Cooper’s bill drew no opposition during a hearing Tuesday before the Legislature’s State and Local Government Committee. Still, many predict that lawmakers will not approve the new flag without a flap.

A primary objection raised thus far in online forums: The current flag was used by Maine soldiers during the Civil War. To discontinue its use now, opponents say, would be to dishonor their sacrifice.

Or not. As Secretary of State Matthew Dunlap told the committee, state lawmakers who adopted the current flag in 1909 likely assumed, as did so many other legislators in SOB states, that it was “nurtured by the blood of our forebears who fought beneath it in a desperate effort to save our Union.”

The problem, Dunlap said, is that “the record simply does not support that thesis.” A closer look back reveals that “the volunteer regiments mustered from the many regions of the state had a broad variety of flag designs.”

So much for historical fidelity.

David Martucci, a flag expert and former president of NAVA who lives in the central Maine town of Washington, has been trying since the early 1990s to get Maine to switch back to its original standard.

Before the Civil War, Martucci said in an interview on Wednesday, flags were no big deal in this country. But in the 50 years or so after the war, that changed dramatically.

Why so?

“Flags are a tradition from the earliest times to try and organize people into their various identities,” Martucci said. “Sometimes we call it tribes, sometimes we call it nations, whatever identity we’re searching for.”

Kaye agreed: “If you boil down to one symbol to represent the tribe that you belong to, then that symbol is important to you whether it’s a city, a state, a country, a school, a military unit, a company.
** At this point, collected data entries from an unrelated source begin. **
lemma clin_comp_antipode: "clin smul f \<Longrightarrow> clin smul (\<lambda>x. f (S x))"
  by (simp add: clin_def antipode_add antipode_smul)

lemma antipode_phi_Delta_rone: "S (phi_Delta_rone a b) = phi_rone_Delta a b"
  using antipode Delta_rone_inAA[of a b] rone_Delta_inAA[of a b] unfolding antipode_def by blast

lemma antipode_eval_Delta_rone:
  assumes f: "clin smul f"
  shows "tensor_eval (Delta_rone a b) (\<lambda>x. f (S x)) phi = tensor_eval (rone_Delta a b) f phi"
proof -
  have "tensor_eval (Delta_rone a b) (\<lambda>x. f (S x)) phi = f (S (phi_Delta_rone a b))"
    by (rule clin_slice2[OF clin_comp_antipode[OF f], symmetric])
  then show ?thesis by (simp add: antipode_phi_Delta_rone clin_slice2[OF f])
qed

lemma left_invariance_Delta_lone: "slice2 smul phi (Delta_lone a c) = smul (phi a) c"
  using left_integral Delta_lone_inAA[of a c] unfolding left_integral_def by blast

lemma clin_counit: "clin smul eps"
  using counit by (simp add: counit_def)
lemma counit_mult: "eps (x * y) = eps x * eps y"
  using counit by (simp add: counit_def)
lemma counit_slice2_lone_Delta: "slice2 smul eps (lone_Delta g a) = g * a"
  using counit lone_Delta_inAA[of g a] unfolding counit_def by blast
lemma counit_slice1_Delta_rone: "slice1 smul eps (Delta_rone a b) = a * b"
  using counit Delta_rone_inAA[of a b] unfolding counit_def by blast

lemma counit_nonzero: "\<exists>b. eps b \<noteq> 0"
proof (rule ccontr)
  assume "\<nexists>b. eps b \<noteq> 0"
  then have "slice1 smul eps t = 0" for t
    by (induction t) (auto simp: slice1_def split_def)
  then have "a * b = 0" for a b :: 'a
    by (metis counit_slice1_Delta_rone)
  then have "x = 0" for x :: 'a
    using mult_right_nondegenerate by blast
  then have "phi = (\<lambda>_. 0)"
    using clin_zero[OF clin_phi] by metis
  then show False
    using left_integral by (simp add: left_integral_def)
qed

lemma counit_slice2_Delta_rone: "slice2 smul eps (Delta_rone a b) = smul (eps b) a"
proof (rule eq_if_mult_left_eq, rule eq_if_clin_eq)
  fix g and h :: "'a \<Rightarrow> complex" assume h: "clin smul h"
  have "h (g * slice2 smul eps (Delta_rone a b)) = tensor_eval (Delta_rone a b) (\<lambda>x. h (g * x)) eps"
    by (rule clin_slice2[OF clin_mult_left[OF h]])
  also have "\<dots> = tensor_eval (lone_Delta g a) h (\<lambda>y. eps b * eps y)"
    using lone_Delta_eval_rmul2[OF h clin_counit, of g a b] by (simp add: counit_mult mult.commute)
  also have "\<dots> = h (g * smul (eps b) a)"
    by (simp add: tensor_eval_scale_right clin_slice2[OF h, symmetric] counit_slice2_lone_Delta
        clin_smul[OF h] smul_mult_right[symmetric])
  finally show "h (g * slice2 smul eps (Delta_rone a b)) = h (g * smul (eps b) a)" .
qed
As humans we’ve come to a cultural agreement that some kind of colored, rectangular cloth is the way we’re going to represent ourselves to ourselves and the rest of the world.”

Back in 2001, NAVA conducted a survey of its members and anyone else who wanted to chime in to determine which are the best flags among all 50 states, the Canadian provinces and the various territories.
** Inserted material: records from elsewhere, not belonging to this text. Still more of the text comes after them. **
(* Let $\mathcal N$ be the one-layer ReLU CNN with input dimension $1\times 3\times 1$, $d_1\ge 1$ filters of dimension $1\times 2\times 1$ and stride $1$ (so the hidden layer has dimension $1\times 2\times d_1$). Then the maximal number of linear regions of $\mathcal N$ is $R_{\mathcal N}=d_1^3+d_1^2+d_1+1$.
   Context: One-layer ReLU CNN with input $X^0\in\mathbb R^{1\times 3\times 1}$, i.e. $x=(x_1,x_2,x_3)\in\mathbb R^3$, and filters $(w_{k,1},w_{k,2})$ with biases $b_k$, $1\le k\le d_1$; the neurons are the $2d_1$ pre-activations $w_{k,1}x_1+w_{k,2}x_2+b_k$ and $w_{k,1}x_2+w_{k,2}x_3+b_k$. An activation pattern assigns $\pm1$ to each neuron; its region is the set of inputs where every pre-activation times its sign is positive. $R_{\mathcal N}$ is the maximum over all parameter values of the number of activation patterns with nonempty region. *)

theory Defs
  imports Main "HOL.Real"
begin

fun preact :: "(nat \<Rightarrow> real) \<Rightarrow> (nat \<Rightarrow> real) \<Rightarrow> (nat \<Rightarrow> real) \<Rightarrow> nat \<Rightarrow> nat
     \<Rightarrow> real \<times> real \<times> real \<Rightarrow> real" where
  "preact w1 w2 b k j (x1, x2, x3) =
     (if j = 0 then w1 k * x1 + w2 k * x2 + b k else w1 k * x2 + w2 k * x3 + b k)"

text \<open>Activation patterns: assign +1/-1 to each of the 2d neurons (k,j), k<d, j<2;
  extended by 0 outside the neuron index set so patterns are uniquely represented.\<close>
definition patterns :: "nat \<Rightarrow> (nat \<Rightarrow> nat \<Rightarrow> int) set" where
  "patterns d = {\<sigma>. \<forall>k j. (k < d \<and> j < 2 \<longrightarrow> \<sigma> k j \<in> {-1, 1})
                          \<and> (\<not> (k < d \<and> j < 2) \<longrightarrow> \<sigma> k j = 0)}"

definition region :: "nat \<Rightarrow> (nat \<Rightarrow> real) \<Rightarrow> (nat \<Rightarrow> real) \<Rightarrow> (nat \<Rightarrow> real)
     \<Rightarrow> (nat \<Rightarrow> nat \<Rightarrow> int) \<Rightarrow> (real \<times> real \<times> real) set" where
  "region d w1 w2 b \<sigma> =
     {x. \<forall>k<d. \<forall>j<2. of_int (\<sigma> k j) * preact w1 w2 b k j x > 0}"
Out of 72 flags, Maine ranked 60th with a score of 3.39 out of a possible 10. Notably, none of the SOB flags scored above 4.
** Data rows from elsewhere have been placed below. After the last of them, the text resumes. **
lemma frame_vector_in_Eset:
  assumes "i \<in> {1..CARD('n)}" "off_diag (CARD('n)) i = 0"
  shows "e i \<in> Eset \<alpha> (diag i)"
  unfolding Eset_def
proof (intro CollectI allI)
  fix Y
  have "\<alpha> (e i) Y = (\<Sum>j\<in>{1..CARD('n)}. (Y \<bullet> e j) *\<^sub>R \<alpha> (e i) (e j))"
    by (subst frame_expansion[of Y]) (simp add: sum_right scale_right)
  also have "\<dots> = (\<Sum>j\<in>{1..CARD('n)}. if j = i then (Y \<bullet> e i) *\<^sub>R diag i else 0)"
    using assms unfolding off_diag_eq_0_iff by (intro sum.cong) auto
  finally show "\<alpha> (e i) Y = (e i \<bullet> Y) *\<^sub>R diag i" using assms(1) by (simp add: inner_commute)
qed

lemma dupin_normal_of_frame_span:
  assumes "2 \<le> p" "p \<le> CARD('n)" "span (e ` {1..p}) \<subseteq> Eset \<alpha> \<eta>"
  shows "dupin_normal \<alpha> \<eta>"
proof -
  have "pairwise orthogonal {e 1, e 2}" "0 \<notin> {e 1, e 2}"
    using assms frame_inner[of 1 2] norm_frame[of 1] norm_frame[of 2]
    by (auto simp: pairwise_def orthogonal_def inner_commute)
  then have "independent {e 1, e 2}" by (rule pairwise_orthogonal_independent)
  moreover have "e 1 \<noteq> e 2" using assms frame_inner[of 1 2] norm_frame[of 1] by auto
  moreover have "{e 1, e 2} \<subseteq> Eset \<alpha> \<eta>"
    using assms by (auto intro!: subsetD[OF assms(3)] span_base)
  ultimately have "card {e 1, e 2} \<le> dim (Eset \<alpha> \<eta>)"
    using independent_card_le_dim by blast
  then show ?thesis unfolding dupin_normal_def using \<open>e 1 \<noteq> e 2\<close> by simp
qed

end

locale ricci_pinched = sff_frame \<alpha> e
  for \<alpha> :: "real^'n \<Rightarrow> real^'n \<Rightarrow> real^'m" and e :: "nat \<Rightarrow> real^'n" +
  fixes k :: nat
  assumes two_le_k: "2 \<le> k" and double_k_le: "2 * k \<le> CARD('n)"
    and Ric_ge: "\<forall>X. norm X = 1 \<longrightarrow> Ric \<alpha> X \<ge> bnd (real CARD('n)) (real k) (meancurv \<alpha>)"
begin

abbreviation lamH :: real where "lamH \<equiv> lam (real CARD('n)) (real k) (meancurv \<alpha>)"
abbreviation bndH :: real where "bndH \<equiv> bnd (real CARD('n)) (real k) (meancurv \<alpha>)"

lemma k_le_n: "k \<le> CARD('n)"
  using double_k_le by simp

lemma meancurv_less_lamH: "meancurv \<alpha> < lamH"
  using less_lam[of "real k" "real CARD('n)" "meancurv \<alpha>"] two_le_k double_k_le
  by (simp add: meancurv_def)

lemma lamH_pos: "0 < lamH"
  using meancurv_less_lamH norm_ge_zero[of "meanvec \<alpha>"] unfolding meancurv_def by linarith

lemma lamH_quadratic:
  "real k * lamH\<^sup>2 - real CARD('n) * meancurv \<alpha> * lamH = real CARD('n) - real k"
  using lam_quadratic two_le_k k_le_n by simp

lemma bndH_eq: "bndH = real CARD('n) - 1 - lamH\<^sup>2 + real CARD('n) * meancurv \<alpha> * lamH"
  using bnd_lam two_le_k k_le_n by simp

lemma Ric_frame_ge: "i \<in> {1..CARD('n)} \<Longrightarrow> bndH \<le> Ric \<alpha> (e i)"
  using Ric_ge norm_frame by blast

lemma diag_inner_meanvec_le: "diag i \<bullet> meanvec \<alpha> \<le> norm (diag i) * meancurv \<alpha>"
  unfolding meancurv_def by (rule norm_cauchy_schwarz)

(* Summing the Ricci bound over the frame: a lower bound on the scalar curvature. *)
lemma trace_le_double_lamH: "real CARD('n) * meancurv \<alpha> \<le> 2 * lamH"
proof -
  define n H where "n = real CARD('n)" and "H = meancurv \<alpha>"
  have "(\<Sum>i\<in>{1..CARD('n)}. bndH) \<le> (\<Sum>i\<in>{1..CARD('n)}. Ric \<alpha> (e i))"
    by (rule sum_mono) (rule Ric_frame_ge)
  then have "n * bndH \<le> (\<Sum>i\<in>{1..CARD('n)}. Ric \<alpha> (e i))" unfolding n_def by simp
  also have "\<dots> \<le> (\<Sum>i\<in>{1..CARD('n)}. n - 1 + n * (diag i \<bullet> meanvec \<alpha>) - (norm (diag i))\<^sup>2)"
    using Ric_frame_vector off_diag_nonneg unfolding n_def by (intro sum_mono) fastforce
  also have "\<dots> = n * (n - 1) + n * ((\<Sum>i\<in>{1..CARD('n)}. diag i) \<bullet> meanvec \<alpha>)
      - (\<Sum>i\<in>{1..CARD('n)}. (norm (diag i))\<^sup>2)"
    unfolding n_def by (simp add: sum.distrib sum_subtractf inner_sum_left sum_distrib_left)
  also have "\<dots> \<le> n * (n - 1) + n\<^sup>2 * H\<^sup>2 - n * H\<^sup>2"
  proof -
    have "(\<Sum>i\<in>{1..CARD('n)}. diag i) \<bullet> meanvec \<alpha> = n * H\<^sup>2"
      unfolding sum_diag n_def H_def meancurv_def by (simp add: dot_square_norm)
    moreover have "n\<^sup>2 * H\<^sup>2 \<le> n * (\<Sum>i\<in>{1..CARD('n)}. (norm (diag i))\<^sup>2)"
      using norm_sum_sq_le[of diag "{1..CARD('n)}"]
      unfolding sum_diag n_def H_def meancurv_def by (simp add: power_mult_distrib)
    then have "n * H\<^sup>2 \<le> (\<Sum>i\<in>{1..CARD('n)}. (norm (diag i))\<^sup>2)"
      unfolding n_def by (simp add: power2_eq_square)
    ultimately show ?thesis by (simp add: power2_eq_square)
  qed
  finally have "n * (bndH - (n - 1) - (n - 1) * H\<^sup>2) \<le> 0"
    by (simp add: power2_eq_square algebra_simps)
  then have "bndH \<le> (n - 1) + (n - 1) * H\<^sup>2"
    unfolding n_def by (simp add: mult_le_0_iff)
  moreover have "bndH = n - 1 - lamH\<^sup>2 + n * H * lamH" unfolding n_def H_def by (rule bndH_eq)
  ultimately have "n * H * lamH - lamH\<^sup>2 \<le> (n - 1) * H\<^sup>2" by simp
  then show ?thesis
    using le_double_of_quadratic_le[of n H lamH] meancurv_less_lamH two_le_k double_k_le
    unfolding n_def H_def meancurv_def by simp
qed

lemma norm_diag_le_lamH:
  assumes "i \<in> {1..CARD('n)}"
  shows "norm (diag i) \<le> lamH"
proof (rule quadratic_le_imp_le[OF norm_ge_zero trace_le_double_lamH])
  have "real CARD('n) * (diag i \<bullet> meanvec \<alpha>) \<le> real CARD('n) * meancurv \<alpha> * norm (diag i)"
    using mult_left_mono[OF diag_inner_meanvec_le, of "real CARD('n)"] by (simp add: ac_simps)
  then show "(norm (diag i))\<^sup>2 - real CARD('n) * meancurv \<alpha> * norm (diag i)
      \<le> lamH\<^sup>2 - real CARD('n) * meancurv \<alpha> * lamH"
    using Ric_frame_ge[OF assms] Ric_frame_vector[OF assms] off_diag_nonneg[of "CARD('n)" i]
    unfolding bndH_eq by linarith
qed

definition defect :: "nat \<Rightarrow> nat \<Rightarrow> real" where
  "defect p i = real CARD('n) * (meancurv \<alpha> * lamH - diag i \<bullet> meanvec \<alpha>)
     + (real p - 2) * (lamH\<^sup>2 - (norm (diag i))\<^sup>2)"

lemma diag_inner_meanvec_le_lamH:
  assumes "i \<in> {1..CARD('n)}"
  shows "diag i \<bullet> meanvec \<alpha> \<le> meancurv \<alpha> * lamH"
proof -
  have "norm (diag i) * meancurv \<alpha> \<le> lamH * meancurv \<alpha>"
    using norm_diag_le_lamH[OF assms] by (simp add: meancurv_def mult_right_mono)
  then show ?thesis using diag_inner_meanvec_le[of i] by (simp add: mult.commute)
qed

lemma defect_nonneg:
  assumes "2 \<le> p" "i \<in> {1..CARD('n)}"
  shows "0 \<le> defect p i"
proof -
  have "(norm (diag i))\<^sup>2 \<le> lamH\<^sup>2"
    using norm_diag_le_lamH[OF assms(2)] by (simp add: power_mono)
  then show ?thesis
    using assms diag_inner_meanvec_le_lamH[OF assms(2)] unfolding defect_def by simp
qed

lemma defect_eq_0_imp:
  assumes "k = 2 \<longrightarrow> meancurv \<alpha> \<noteq> 0" "i \<in> {1..CARD('n)}" "defect k i = 0"
  shows "norm (diag i) = lamH" and "diag i \<bullet> meanvec \<alpha> = meancurv \<alpha> * lamH"
proof -
  have "diag i \<bullet> meanvec \<alpha> \<le> meancurv \<alpha> * lamH" "(norm (diag i))\<^sup>2 \<le> lamH\<^sup>2"
    using diag_inner_meanvec_le_lamH[OF assms(2)] norm_diag_le_lamH[OF assms(2)]
    by (simp_all add: power_mono)
  then have inner: "diag i \<bullet> meanvec \<alpha> = meancurv \<alpha> * lamH"
    and sq: "(real k - 2) * (lamH\<^sup>2 - (norm (diag i))\<^sup>2) = 0"
    using assms(3) two_le_k unfolding defect_def by (simp_all add: add_nonneg_eq_0_iff)
  then show "diag i \<bullet> meanvec \<alpha> = meancurv \<alpha> * lamH" by blast
  show "norm (diag i) = lamH"
  proof (cases "k = 2")
    case True
    then have "lamH * meancurv \<alpha> \<le> norm (diag i) * meancurv \<alpha>"
      using inner diag_inner_meanvec_le[of i] by (simp add: mult.commute)
    then show ?thesis using True assms(1) norm_diag_le_lamH[OF assms(2)]
      by (simp add: meancurv_def)
  next
    case False
    then show ?thesis
      using sq two_le_k lamH_pos by (simp add: power2_eq_iff_nonneg)
  qed
qed

lemma lhs_decomposition:
  assumes "p \<le> CARD('n)"
  shows "lhs \<alpha> e p = real p * (real CARD('n) - real p) - real p * (real k - real p) * (1 + lamH\<^sup>2)
    - 2 * (\<Sum>i\<in>{1..p}. Ric \<alpha> (e i) - bndH) - 2 * (\<Sum>i\<in>{1..p}. off_diag p i)
    - (\<Sum>i\<in>{1..p}. defect p i) - (\<Sum>i\<in>{1..p}. \<Sum>j\<in>{1..p}. (norm (diag i - diag j))\<^sup>2) / 2"
proof -
  have summand: "2 * (real CARD('n) - 1) - 2 * Ric \<alpha> (e i) + real CARD('n) * (diag i \<bullet> meanvec \<alpha>)
      - 2 * (norm (diag i))\<^sup>2 - 2 * off_diag p i
    = (real CARD('n) - real p) - (real k - real p) * (1 + lamH\<^sup>2) - 2 * (Ric \<alpha> (e i) - bndH)
      - 2 * off_diag p i - defect p i - real p * (norm (diag i))\<^sup>2" for i
    using lamH_quadratic unfolding defect_def bndH_eq by (simp add: algebra_simps)
  have "lhs \<alpha> e p = (\<Sum>i\<in>{1..p}. (real CARD('n) - real p) - (real k - real p) * (1 + lamH\<^sup>2)
      - 2 * (Ric \<alpha> (e i) - bndH) - 2 * off_diag p i - defect p i - real p * (norm (diag i))\<^sup>2)
      + (norm (\<Sum>i\<in>{1..p}. diag i))\<^sup>2"
    unfolding lhs_frame[OF assms] summand ..
  also have "\<dots> = real p * ((real CARD('n) - real p) - (real k - real p) * (1 + lamH\<^sup>2))
      - 2 * (\<Sum>i\<in>{1..p}. Ric \<alpha> (e i) - bndH) - 2 * (\<Sum>i\<in>{1..p}. off_diag p i)
      - (\<Sum>i\<in>{1..p}. defect p i)
      - (real p * (\<Sum>i\<in>{1..p}. (norm (diag i))\<^sup>2) - (norm (\<Sum>i\<in>{1..p}. diag i))\<^sup>2)"
    by (simp add: sum_subtractf sum_distrib_left)
  finally show ?thesis
    using sum_norm_diff_sq[of diag "{1..p}"] by (simp add: algebra_simps)
qed

(* The decomposition is of no use for p = 1, where defect 1 i can be negative. *)
lemma lhs_one_less: "lhs \<alpha> e 1 < real CARD('n) - 1"
proof -
  let ?n = "real CARD('n)" and ?H = "meancurv \<alpha>" and ?a = "norm (diag 1)"
  have "?n * (diag 1 \<bullet> meanvec \<alpha>) \<le> ?n * ?H * ?a"
    using mult_left_mono[OF diag_inner_meanvec_le[of 1], of ?n] by (simp add: ac_simps)
  moreover have "lhs \<alpha> e 1 = 2 * (?n - 1) - 2 * Ric \<alpha> (e 1) + ?n * (diag 1 \<bullet> meanvec \<alpha>) - ?a\<^sup>2"
    using lhs_frame[of 1] two_le_k k_le_n unfolding off_diag_def by simp
  moreover have "bndH \<le> Ric \<alpha> (e 1)" using Ric_frame_ge two_le_k k_le_n by simp
  ultimately have "lhs \<alpha> e 1 \<le> 2 * (?n - 1) - 2 * bndH + (?n * ?H * ?a - ?a\<^sup>2)" by linarith
  also have "\<dots> \<le> 2 * (?n - 1) - 2 * bndH + (?n * ?H)\<^sup>2 / 4"
    using zero_le_power2[of "?a - ?n * ?H / 2"] by (simp add: power2_eq_square algebra_simps)
  also have "\<dots> = 2 * lamH\<^sup>2 - 2 * ?n * ?H * lamH + (?n * ?H)\<^sup>2 / 4"
    unfolding bndH_eq by (simp add: algebra_simps)
  also have "\<dots> < ?n - 1"
    using lam_sq_bound[of "real k" ?n ?H] two_le_k double_k_le trace_le_double_lamH
    by (simp add: meancurv_def)
  finally show ?thesis .
qed

lemma lhs_gap:
  assumes "2 \<le> p" "p \<le> k"
  shows "lhs \<alpha> e p + real p * (real k - real p) * (1 + lamH\<^sup>2) + 2 * (Ric \<alpha> (e 1) - bndH)
    \<le> real (p * (CARD('n) - p))"
proof -
  have sub: "{1..p} \<subseteq> {1..CARD('n)}" using assms k_le_n by auto
  have "Ric \<alpha> (e 1) - bndH \<le> (\<Sum>i\<in>{1..p}. Ric \<alpha> (e i) - bndH)"
    using assms Ric_frame_ge sub by (intro member_le_sum) auto
  moreover have "0 \<le> (\<Sum>i\<in>{1..p}. off_diag p i)" by (simp add: sum_nonneg off_diag_nonneg)
  moreover have "0 \<le> (\<Sum>i\<in>{1..p}. defect p i)"
    using defect_nonneg[OF assms(1)] sub by (intro sum_nonneg) auto
  moreover have "0 \<le> (\<Sum>i\<in>{1..p}. \<Sum>j\<in>{1..p}. (norm (diag i - diag j))\<^sup>2)"
    by (simp add: sum_nonneg)
  ultimately show ?thesis
    using lhs_decomposition[of p] assms k_le_n by (simp add: of_nat_diff)
qed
The winner? New Mexico, with its red symbol of the ancient Zia sun against a rich, yellow backdrop. The two colors respectfully match those used in the national flag of Spain, illustrating the thought that goes into a seemingly uncomplicated design.

That’s easier said than done: Wyoming, which finished 23rd, had the right idea with the silhouette of a bison against a backdrop of blue (the sky), red (Native Americans) and white (purity and uprightness). But then they slapped the state seal on the side of the bison – at first glance, it looks creepily like an elaborate shooting target.

The original Maine flag, if approved, would undoubtedly rank right up there with New Mexico. The green pine tree, noted Martucci, dates back to the “tree of the great peace” planted almost 400 years ago by Hiawatha and other leaders of the Iroquois Confederacy; the North Star symbolized both Maine’s northernmost position among the states (at the time) and the navigational skills of our mariners; and the buff field recalls the color and popularity of tanned deer hide among America’s earliest patriots.

And some people complain that the original Maine flag is too simplistic.

“Just because a flag design is simple doesn’t mean it doesn’t have a complex meaning,” Martucci said.

With or without the Legislature’s blessing, Martucci predicts the original flag will ultimately prevail. He’s already compiled a list of eight flag manufacturers – five in Maine and three from away – who already see enough demand to be making and selling the flag to an ever-growing market.

As for all the handwringing by the status quo crowd, Kaye points to the “mere exposure effect,” which holds that people’s preference for a certain thing is rooted in their familiarity with it.

Kaye’s advice for the Maine Legislature?

“I think they should adopt the new (old) flag,” he said. “And I predict within six months, we’ll start seeing the tattoos.”